Je venais juste de passer par la station de métro Jaurès. J'ai passé deux heures là, avec des jeunes migrants abandonnés à eux-mêmes. Ils sont environ deux cents à squatter cette station avec tentes, matelas, et couvertures. Ils sont à même la rue. Certains sont même dans une cage grillagés par dizaines de personnes, entassés, sans perspective. Pratiquement pas de collectif français pour être avec eux. Croisé seulement une jeune fille hors collectif qui aide par ci par là. J'avais l'humeur sombre. Les migrants viennent tous d'Afrique, de Syrie ou d'Irak. Ils sont calmes, épuisés par la chasse à l'homme que la police leur impose depuis des mois.

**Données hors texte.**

text \<open>Roots starting at the first position of the run are excluded, so that the letter
  preceding a root always lies in the run.\<close>

definition lyndon_roots :: "(nat \<Rightarrow> 'b::linorder) \<Rightarrow> nat \<Rightarrow> nat \<Rightarrow> nat \<Rightarrow> nat set" where
  "lyndon_roots w a L p = {s. a < s \<and> s + p \<le> a + L \<and> lyndon (segment w s p)}"

lemma lyndon_roots_subset: "0 < p \<Longrightarrow> lyndon_roots w a L p \<subseteq> {a <..< a + L}"
  by (auto simp: lyndon_roots_def)

lemma card_lyndon_roots_ge:
  fixes w :: "nat \<Rightarrow> 'b::linorder"
  assumes per: "has_period_on w a L p" and "0 < p" "2 * p \<le> L"
    and primitive: "\<And>k. 0 < k \<Longrightarrow> k < p \<Longrightarrow> \<not> has_period_on w a L k"
  shows "L div p - 1 \<le> card (lyndon_roots w a L p)"
proof -
  obtain s where s: "a < s" "s \<le> a + p" "lyndon (segment w s p)"
    using exists_lyndon_root[OF per \<open>0 < p\<close> \<open>2 * p \<le> L\<close> primitive] .
  define m where "m = L div p"
  have "m * p \<le> L"
    unfolding m_def by (rule div_times_less_eq_dividend)
  have "s + k * p \<in> lyndon_roots w a L p" if "k < m - 1" for k
  proof -
    have "(k + 2) * p \<le> m * p"
      using that by (intro mult_right_mono) auto
    then have fits: "s + k * p + p \<le> a + L"
      using s(2) \<open>m * p \<le> L\<close> by (simp add: algebra_simps)
    have "segment w (s + k * p) p = segment w s p"
      unfolding segment_eq_iff
    proof (intro allI impI)
      fix t assume "t < p"
      then have "w (s + t) = w (s + t + k * p)"
        using s(1) fits by (intro has_period_on_mult[OF per]) auto
      then show "w (s + k * p + t) = w (s + t)"
        by (simp add: algebra_simps)
    qed
    then show ?thesis
      using s fits unfolding lyndon_roots_def by simp
  qed
  then have "(\<lambda>k. s + k * p) ` {..<m - 1} \<subseteq> lyndon_roots w a L p"
    by auto
  moreover have "inj_on (\<lambda>k. s + k * p) {..<m - 1}"
    using \<open>0 < p\<close> by (auto simp: inj_on_def)
  moreover have "finite (lyndon_roots w a L p)"
    by (rule finite_subset[OF lyndon_roots_subset[OF \<open>0 < p\<close>]]) simp
  ultimately show ?thesis
    unfolding m_def by (metis card_image card_lessThan card_mono)
qed

lemma exponent_le_three_card_lyndon_roots:
  fixes w :: "nat \<Rightarrow> 'b::linorder"
  assumes per: "has_period_on w a L p" and "0 < p" "2 * p \<le> L"
    and primitive: "\<And>k. 0 < k \<Longrightarrow> k < p \<Longrightarrow> \<not> has_period_on w a L k"
  shows "real L / real p \<le> 3 * real (card (lyndon_roots w a L p))"
proof -
  define m where "m = L div p"
  have "2 * p div p \<le> m"
    unfolding m_def using \<open>2 * p \<le> L\<close> by (rule div_le_mono)
  then have "2 \<le> m"
    using \<open>0 < p\<close> by simp
  have "L = m * p + L mod p" "L mod p < p"
    using \<open>0 < p\<close> by (simp_all add: m_def)
  then have "L < (m + 1) * p"
    by (simp add: algebra_simps)
  then have "real L < (real m + 1) * real p"
    by (metis of_nat_1 of_nat_add of_nat_less_iff of_nat_mult)
  then have "real L / real p < real m + 1"
    using \<open>0 < p\<close> by (simp add: pos_divide_less_eq)
  also have "\<dots> \<le> 3 * (real m - 1)"
    using \<open>2 \<le> m\<close> by simp
  also have "\<dots> \<le> 3 * real (card (lyndon_roots w a L p))"
  proof -
    have "m \<le> card (lyndon_roots w a L p) + 1"
      using card_lyndon_roots_ge[OF per \<open>0 < p\<close> \<open>2 * p \<le> L\<close> primitive] by (simp add: m_def)
    then show ?thesis
      by simp
  qed
  finally show ?thesis
    by simp
qed

section \<open>Runs\<close>

definition run_window :: "(nat \<Rightarrow> 'b) \<Rightarrow> nat \<Rightarrow> nat \<Rightarrow> nat \<Rightarrow> nat \<Rightarrow> bool" where
  "run_window w n a L p \<longleftrightarrow> 0 < p \<and> 2 * p \<le> L \<and> a + L \<le> n \<and> has_period_on w a L p \<and>
     (\<forall>k. 0 < k \<and> k < p \<longrightarrow> \<not> has_period_on w a L k) \<and>
     (a = 0 \<or> w (a - 1) \<noteq> w (a - 1 + p)) \<and> (a + L = n \<or> w (a + L - p) \<noteq> w (a + L))"

definition run_windows :: "(nat \<Rightarrow> 'b) \<Rightarrow> nat \<Rightarrow> (nat \<times> nat \<times> nat) set" where
  "run_windows w n = {(a, L, p). run_window w n a L p}"

lemma has_period_on_comp_inj: "inj f \<Longrightarrow> has_period_on (f \<circ> w) a L p \<longleftrightarrow> has_period_on w a L p"
  by (simp add: has_period_on_def inj_eq)

lemma run_window_comp_inj: "inj f \<Longrightarrow> run_window (f \<circ> w) n a L p \<longleftrightarrow> run_window w n a L p"
  by (simp add: run_window_def has_period_on_comp_inj inj_eq)

lemma run_window_uminus:
  fixes w :: "nat \<Rightarrow> 'b::ab_group_add"
  shows "run_window (\<lambda>q. - w q) n a L p \<longleftrightarrow> run_window w n a L p"
  using run_window_comp_inj[of uminus w] by (simp add: comp_def)

lemma finite_run_windows: "finite (run_windows w n)"
proof (rule finite_subset)
  show "run_windows w n \<subseteq> {..n} \<times> {..n} \<times> {..n}"
    by (auto simp: run_windows_def run_window_def)
qed simp

lemma periodic_window_within_run:
  assumes R: "run_window w n a L p" and per: "has_period_on w a' L' p" and "a' + L' \<le> n"
    and s: "a \<le> s" "s + p \<le> a + L" "a' \<le> s" "s + p \<le> a' + L'"
  shows "a \<le> a'" "a' + L' \<le> a + L"
proof -
  have "0 < p"
    using R by (simp add: run_window_def)
  show "a \<le> a'"
  proof (rule ccontr)
    assume "\<not> a \<le> a'"
    then have "a' \<le> a - 1" "a - 1 + p < a' + L'"
      using s \<open>0 < p\<close> by auto
    then have "w (a - 1) = w (a - 1 + p)"
      using per unfolding has_period_on_def by blast
    then show False
      using R \<open>\<not> a \<le> a'\<close> by (simp add: run_window_def)
  qed
  show "a' + L' \<le> a + L"
  proof (rule ccontr)
    assume "\<not> a' + L' \<le> a + L"
    then have "a' \<le> a + L - p" "a + L - p + p < a' + L'"
      using s by auto
    then have "w (a + L - p) = w (a + L - p + p)"
      using per unfolding has_period_on_def by blast
    then show False
      using R \<open>\<not> a' + L' \<le> a + L\<close> \<open>a' + L' \<le> n\<close> s(2) by (auto simp: run_window_def)
  qed
qed

lemma lyndon_root_period_eq_1_iff:
  fixes w :: "nat \<Rightarrow> 'b::linorder"
  assumes per: "has_period_on w a L p" and "0 < p" and s: "s \<in> lyndon_roots w a L p"
  shows "p = 1 \<longleftrightarrow> w (s - 1) = w s"
proof -
  have "a < s" "s + p \<le> a + L" "lyndon (segment w s p)"
    using s by (simp_all add: lyndon_roots_def)
  then have "a \<le> s - 1" "s - 1 + p < a + L"
    by auto
  then have before: "w (s - 1) = w (s - 1 + p)"
    using per unfolding has_period_on_def by blast
  show ?thesis
  proof
    assume "p = 1"
    then show "w (s - 1) = w s"
      using before \<open>a < s\<close> by simp
  next
    assume eq: "w (s - 1) = w s"
    show "p = 1"
    proof (rule ccontr)
      assume "p \<noteq> 1"
      then have "2 \<le> p"
        using \<open>0 < p\<close> by simp
      then have "w s < w (s + (p - 1))"
        using lyndon_first_less_last[OF \<open>lyndon (segment w s p)\<close>] by simp
      moreover have "s + (p - 1) = s - 1 + p"
        using \<open>a < s\<close> \<open>0 < p\<close> by simp
      ultimately show False
        using eq before by simp
    qed
  qed
qed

Un jour à Stalingrad, un autre jour à Jaurès, un autre encore à La Chapelle. Ils vont au gré des évacuations prévues par les autorités. Personne ne leur trouve de solution. Ils sont nourris par certaines associations qui passent à l'heure des repas.

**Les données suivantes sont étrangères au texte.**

text \<open>Two disjoint tiles cannot cross: heights of nodes in one column all have the parity of
  the column and change by \<open>\<plusminus>1\<close> per step, so if a node of \<open>t\<close> lies above a node of \<open>s\<close> in
  the same column, this persists in every column to the left in which both tiles have nodes.
  If \<open>a \<in> t\<close> and \<open>SE a \<in> s\<close> with \<open>st s\<close> strictly right of \<open>st t\<close>, and \<open>SE a \<noteq> st s\<close>, then the
  predecessor of \<open>SE a\<close> in \<open>s\<close> lies below \<open>a\<close>; hence some node of \<open>t\<subseteq>\<lambda>\<close> lies above \<open>st s\<close>,
  dominates \<open>NW (st s)\<close> componentwise, and so \<open>NW (st s) \<in> \<lambda>\<setminus>\<mu>\<close>. Conversely, \<open>NW (st t) \<in> \<lambda>\<setminus>\<mu>\<close>
  violates left-cover-expansiveness at \<open>a = NW (st t)\<close>. The right-handed statement is the
  left-handed one for the transposed tiling.\<close>

lemma col_NE [simp]: "col (NE n) = col n + 1"
  and col_SE [simp]: "col (SE n) = col n + 1"
  and col_NW [simp]: "col (NW n) = col n - 1"
  by (simp_all add: col_def NE_def SE_def NW_def)

lemma col_swap [simp]: "col (prod.swap n) = - col n"
  by (simp add: col_def)

lemma NE_swap: "NE (prod.swap n) = prod.swap (NW n)"
  and SE_swap: "SE (prod.swap n) = prod.swap (SW n)"
  and NW_swap: "NW (prod.swap n) = prod.swap (NE n)"
  by (simp_all add: NE_def SE_def NW_def SW_def)

lemma SE_NW [simp]: "SE (NW n) = n"
  and NW_SE [simp]: "NW (SE n) = n"
  and SW_NE [simp]: "SW (NE n) = n"
  by (simp_all add: NE_def SE_def NW_def SW_def)

lemma step_iff_reverse_step: "m \<in> {NE n, SE n} \<longleftrightarrow> n \<in> {SW m, NW m}"
  by (cases m; cases n) (auto simp: NE_def SE_def NW_def SW_def)

lemma path_col_nth:
  assumes "\<And>i. Suc i < length xs \<Longrightarrow> xs ! Suc i \<in> {NE (xs ! i), SE (xs ! i)}"
    and "i < length xs"
  shows "col (xs ! i) = col (xs ! 0) + int i"
  using assms(2)
proof (induction i)
  case (Suc i)
  then have "xs ! Suc i \<in> {NE (xs ! i), SE (xs ! i)}" using assms(1) by blast
  then show ?case using Suc by auto
qed simp

lemma st_eqI: "inj_on col t \<Longrightarrow> n \<in> t \<Longrightarrow> (\<And>m. m \<in> t \<Longrightarrow> col n \<le> col m) \<Longrightarrow> st t = n"
  unfolding st_def by (rule the_equality) (blast, meson antisym inj_onD)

Pour le moment, je ne peux pas vraiment les aider. Je ne connais pas assez Paris, ni les hôpitaux où les diriger quand ils se sentent pas bien. Ni l'infirmerie la plus proche. Il y a bien la caserne des pompiers en face de leur domicile clandestin... Je ne sais pas comment je vais faire les prochains jours. Je reste muet devant tant de misère partout. 

A République, des jeunes femmes sont dans la rue, seules ou avec leurs enfants. Elles mendient. On ne se croirait pas en France et encore moins à Paris, Place de la République. Plutôt dans une banlieue américaine. des jeunes filles et jeunes hommes, presque tous black, dansent et chantent sur du rap. Vingt bus de CRS encadrent la Place.

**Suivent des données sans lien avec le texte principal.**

(* Let $p$ be a prime and let $a,b$ be positive integers. Let $T_a,T_b$ be the Chebyshev polynomials of the first kind of degrees $a,b$, viewed as self-maps of $\mathbb{F}_p$. A point $z\in\mathbb{F}_p$ is periodic for $T_a\circ T_b$ if and only if it is periodic for both $T_a$ and $T_b$ (not necessarily of the same period).
   Context: The $d$-th Chebyshev polynomial of the first kind $T_d\in\mathbb{Z}[z]$ is the monic degree-$d$ polynomial with $T_d(z+z^{-1})=z^d+z^{-d}$; they satisfy $T_a\circ T_b=T_b\circ T_a=T_{ab}$. A point $z$ is periodic for a map $f$ if $f^n(z)=z$ for some $n\ge1$. *)

theory Defs
  imports "HOL-Computational_Algebra.Polynomial"
begin

text \<open>Chebyshev polynomials of the first kind (normalised so that
  T_d(z + 1/z) = z^d + z^(-d)): T_0 = 2, T_1 = X, T_(n+2) = X T_(n+1) - T_n.\<close>
fun cheb :: "nat \<Rightarrow> int poly" where
  "cheb 0 = [:2:]"
| "cheb (Suc 0) = [:0, 1:]"
| "cheb (Suc (Suc n)) = [:0, 1:] * cheb (Suc n) - cheb n"

text \<open>The induced self-map of F_p, with F_p represented by {0..p-1}.\<close>
definition cheb_map :: "int \<Rightarrow> nat \<Rightarrow> int \<Rightarrow> int" where
  "cheb_map p d z = poly (cheb d) z mod p"

definition periodic_pt :: "('a \<Rightarrow> 'a) \<Rightarrow> 'a \<Rightarrow> bool" where
  "periodic_pt f z \<longleftrightarrow> (\<exists>n\<ge>1. (f ^^ n) z = z)"

end

theory Submission
  imports Defs
begin

text \<open>Since T_a \<circ> T_b = T_(ab) = T_b \<circ> T_a, the maps T_a and T_b commute on F_p.
  For commuting maps, a common multiple of a period of z under each of them is a
  period under the composite. Conversely, if z = (T_a \<circ> T_b)^n z then
  z = T_a^(kn) (T_b^(kn) z) for every k; the finitely many values T_b^(kn) z must
  repeat, say at k = i < j, and then T_a^((j-i)n) z = z.\<close>

lemma cheb_mult:
  "n \<le> m \<Longrightarrow> cheb m * cheb n = cheb (m + n) + cheb (m - n)"
proof (induction n arbitrary: m rule: cheb.induct)
  case 1
  then show ?case by (simp add: numeral_mult_conv_smult)
next
  case 2
  then obtain k where "m = Suc k" by (cases m) auto
  then show ?case by (cases k) (simp_all add: algebra_simps)
next
  case (3 n)
  obtain k where k: "m - n = Suc (Suc k)" "m - Suc n = Suc k" "m - Suc (Suc n) = k"
    using "3.prems" by (intro that[of "m - Suc (Suc n)"]) auto
  have "cheb m * cheb (Suc (Suc n)) = [:0, 1:] * (cheb m * cheb (Suc n)) - cheb m * cheb n"
    by (subst cheb.simps(3)) algebra
  also have "\<dots> = [:0, 1:] * (cheb (m + Suc n) + cheb (m - Suc n)) - (cheb (m + n) + cheb (m - n))"
    using "3.IH" "3.prems" by simp
  also have "cheb (m - n) = [:0, 1:] * cheb (m - Suc n) - cheb (m - Suc (Suc n))"
    by (simp only: k cheb.simps(3))
  also have "[:0, 1:] * (cheb (m + Suc n) + cheb (m - Suc n)) - (cheb (m + n) + \<dots>)
      = ([:0, 1:] * cheb (Suc (m + n)) - cheb (m + n)) + cheb (m - Suc (Suc n))"
    by (simp only: add_Suc_right) algebra
  finally show ?case by simp
qed

lemma pcompose_cheb: "pcompose (cheb k) (cheb b) = cheb (k * b)"
proof (induction k rule: cheb.induct)
  case (3 n)
  have "pcompose (cheb (Suc (Suc n))) (cheb b) = cheb (Suc n * b) * cheb b - cheb (n * b)"
    using "3.IH" by (simp add: pcompose_diff pcompose_mult pcompose_pCons algebra_simps)
  also have "\<dots> = cheb (Suc (Suc n) * b)"
    using cheb_mult[of b "Suc n * b"] by (simp add: algebra_simps)
  finally show ?case .
qed (simp_all add: pcompose_pCons)

lemma poly_mod_cong: "poly q (x mod p) mod p = poly q x mod (p :: int)"
proof (induction q)
  case (pCons c q)
  have "(x mod p * poly q (x mod p)) mod p = (x * poly q x) mod p"
    by (rule mod_mult_cong) (simp_all add: pCons.IH)
  then have "(c + x mod p * poly q (x mod p)) mod p = (c + x * poly q x) mod p"
    by (rule mod_add_cong[OF refl])
  then show ?case by simp
qed simp

lemma cheb_map_comp: "cheb_map p a (cheb_map p b z) = cheb_map p (a * b) z"
  unfolding cheb_map_def
  by (simp add: poly_mod_cong flip: poly_pcompose pcompose_cheb)

lemma cheb_map_commute: "cheb_map p a (cheb_map p b z) = cheb_map p b (cheb_map p a z)"
  by (simp add: cheb_map_comp mult.commute)

lemma funpow_mult_fixpoint: "(f ^^ n) z = z \<Longrightarrow> (f ^^ (n * k)) z = z"
proof -
  assume "(f ^^ n) z = z"
  then have "((f ^^ n) ^^ k) z = z" by (induction k) auto
  then show ?thesis by (simp add: funpow_mult)
qed

lemma funpow_commute:
  "(\<And>x. f (g x) = g (f x)) \<Longrightarrow> (f ^^ k) (g x) = g ((f ^^ k) x)"
  by (induction k) auto

lemma funpow_comp_commute:
  assumes "\<And>x. f (g x) = g (f x)"
  shows "((f \<circ> g) ^^ k) x = (f ^^ k) ((g ^^ k) x)"
  by (induction k arbitrary: x)
    (simp_all add: funpow_swap1 flip: funpow_commute[of f g, OF assms])

lemma periodic_pt_comp:
  assumes "\<And>x. f (g x) = g (f x)" and "periodic_pt f z" and "periodic_pt g z"
  shows "periodic_pt (f \<circ> g) z"
proof -
  obtain m where m: "m \<ge> 1" "(f ^^ m) z = z" using assms(2) unfolding periodic_pt_def by blast
  obtain n where n: "n \<ge> 1" "(g ^^ n) z = z" using assms(3) unfolding periodic_pt_def by blast
  have "((f \<circ> g) ^^ (m * n)) z = z"
    using funpow_mult_fixpoint[OF m(2), of n] funpow_mult_fixpoint[OF n(2), of m]
    by (simp add: funpow_comp_commute[of f g, OF assms(1)] mult.commute)
  moreover have "m * n \<ge> 1" using m n by simp
  ultimately show ?thesis unfolding periodic_pt_def by blast
qed

lemma periodic_pt_comp_left:
  assumes comm: "\<And>x. f (g x) = g (f x)" and "finite S" and "g ` S \<subseteq> S" and "z \<in> S"
    and "periodic_pt (f \<circ> g) z"
  shows "periodic_pt f z"
proof -
  obtain n where n: "n \<ge> 1" "((f \<circ> g) ^^ n) z = z"
    using assms(5) unfolding periodic_pt_def by blast
  define h where "h k = (g ^^ (n * k)) z" for k
  have returns: "(f ^^ (n * k)) (h k) = z" for k
    using funpow_mult_fixpoint[OF n(2), of k] by (simp add: h_def funpow_comp_commute[of f g, OF comm])
  have "(g ^^ k) z \<in> S" for k
    by (induction k) (use assms(3,4) in auto)
  then have "range h \<subseteq> S" by (auto simp: h_def)
  then have "\<not> inj h"
    using \<open>finite S\<close> finite_imageD infinite_UNIV_nat rev_finite_subset by blast
  then obtain i j where ij: "i < j" "h i = h j"
    unfolding inj_def by (metis linorder_neq_iff)
  have "(f ^^ (n * (j - i))) z = (f ^^ (n * (j - i) + n * i)) (h i)"
    by (simp add: funpow_add returns)
  also have "\<dots> = z"
    using ij returns[of j] by (simp flip: add_mult_distrib2)
  finally have "(f ^^ (n * (j - i))) z = z" .
  moreover have "n * (j - i) \<ge> 1" using n ij by simp
  ultimately show ?thesis unfolding periodic_pt_def by blast
qed

theorem mainTheorem4:
  fixes p :: int and a b :: nat and z :: int
  assumes "prime p" and "a \<ge> 1" and "b \<ge> 1" and "0 \<le> z" and "z < p"
  shows "periodic_pt (cheb_map p a \<circ> cheb_map p b) z \<longleftrightarrow>
         periodic_pt (cheb_map p a) z \<and> periodic_pt (cheb_map p b) z"
proof -
  have "p > 0" using \<open>prime p\<close> prime_gt_0_int by blast
  then have maps_into: "cheb_map p d ` {0..<p} \<subseteq> {0..<p}" for d
    by (auto simp: cheb_map_def)
  have z: "z \<in> {0..<p}" using assms by simp
  have comm: "cheb_map p a (cheb_map p b x) = cheb_map p b (cheb_map p a x)" for x
    by (rule cheb_map_commute)
  then have "cheb_map p b \<circ> cheb_map p a = cheb_map p a \<circ> cheb_map p b"
    by (simp add: fun_eq_iff)
  then show ?thesis
    using periodic_pt_comp_left[of "cheb_map p a" "cheb_map p b", OF comm _ maps_into z]
      periodic_pt_comp_left[of "cheb_map p b" "cheb_map p a", OF comm[symmetric] _ maps_into z]
      periodic_pt_comp[of "cheb_map p a" "cheb_map p b", OF comm]
    by auto
qed

end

Nous sommes en état de guerre, clament les politiciens. Un nouvel attentat catastrophique à Nice hier soir. Un seul camion, un seul homme, aucune arme fatale. Seul le véhicule devient l'arme de mort. Avec le plus simple des modes opératoires, un homme a tué 80 personnes, blessé des dizaines d'autres, semé la tristesse et le désarroi dans les coeurs des Français et Françaises.

C'était une corrida. L'homme seul au volant est le taureau fou furieux. La foule, le toréador inconscient qui s'amuse, qui mange, qui boit à satiété, qui habite de jolies maisons, qui danse la nuit dans des clubs, qui dort à l'hôtel la nuit, qui bronze sur la plage et ne regarde pas toute cette misère qui provoque à la fin la catastrophe.

Je me suis couché hier soir, sans faire la fête, avec l'humeur très sombre, l'envie de vomir, l'envie de me foutre des claques si ce n'est en l'air parce que moi aussi j'ai détourné le regard devant tant de misère, les vrais misérables qui réclament de l'aide d'urgence, et aussi les faux qui essayent de gagner un peu d'argent sans rien faire de leur vie. Je ne peux pas secourir la Terre entière. Je ne peux faire que de petits gestes, de pauvres gestes, et à moins de dormir dans la rue avec eux, je ne peux pas leur donner l'argent que me coûte l'hôtel. Je ne savais pas encore pour Nice. Puis à trois heures du mat, mon ordinateur s'est cassé la gueule en tombant du lit. Il m'a réveillé. Et c'est lui qui m'a donné le signal d'écrire. Alerte sur Facebook. Deux amis en sécurité dans "attaque à Nice". Je vais lire.

Ce matin, la France se réveille en deuil. Je vais quitter l'hôtel. Je ne sais encore ce que je ferai de ces prochaines heures si tristes dans un pays qui ne comprend pas ce qui lui arrive. J'irai peut-être dormir à Jaurès la nuit prochaine. Peut-être pas. Timoté m'a proposé l'hospitalité. Pour le moment, j'ai pas dit oui. Je me sens comme une merde. J'ai envie d'hurler. Mais ça ne sort pas de mes tripes. Tout reste au fond de moi. Je reste muet. Ce sont mes mots qui cognent pour moi, mes pauvres mots que j'aligne ici sans aucune articulation. Ils sortent comme des mots estropiés par la vie. Ce sont des mots mutilés en plein été des vacances. Des mots qui ne peuvent rien, assassinés par l'indifférence du monde. Des mots qui s'alignent comme des morts, fauchés par la vie, fauchés par la folie des hommes.

Il est cinq heures du mat et Paris s'éveille dans l'horreur.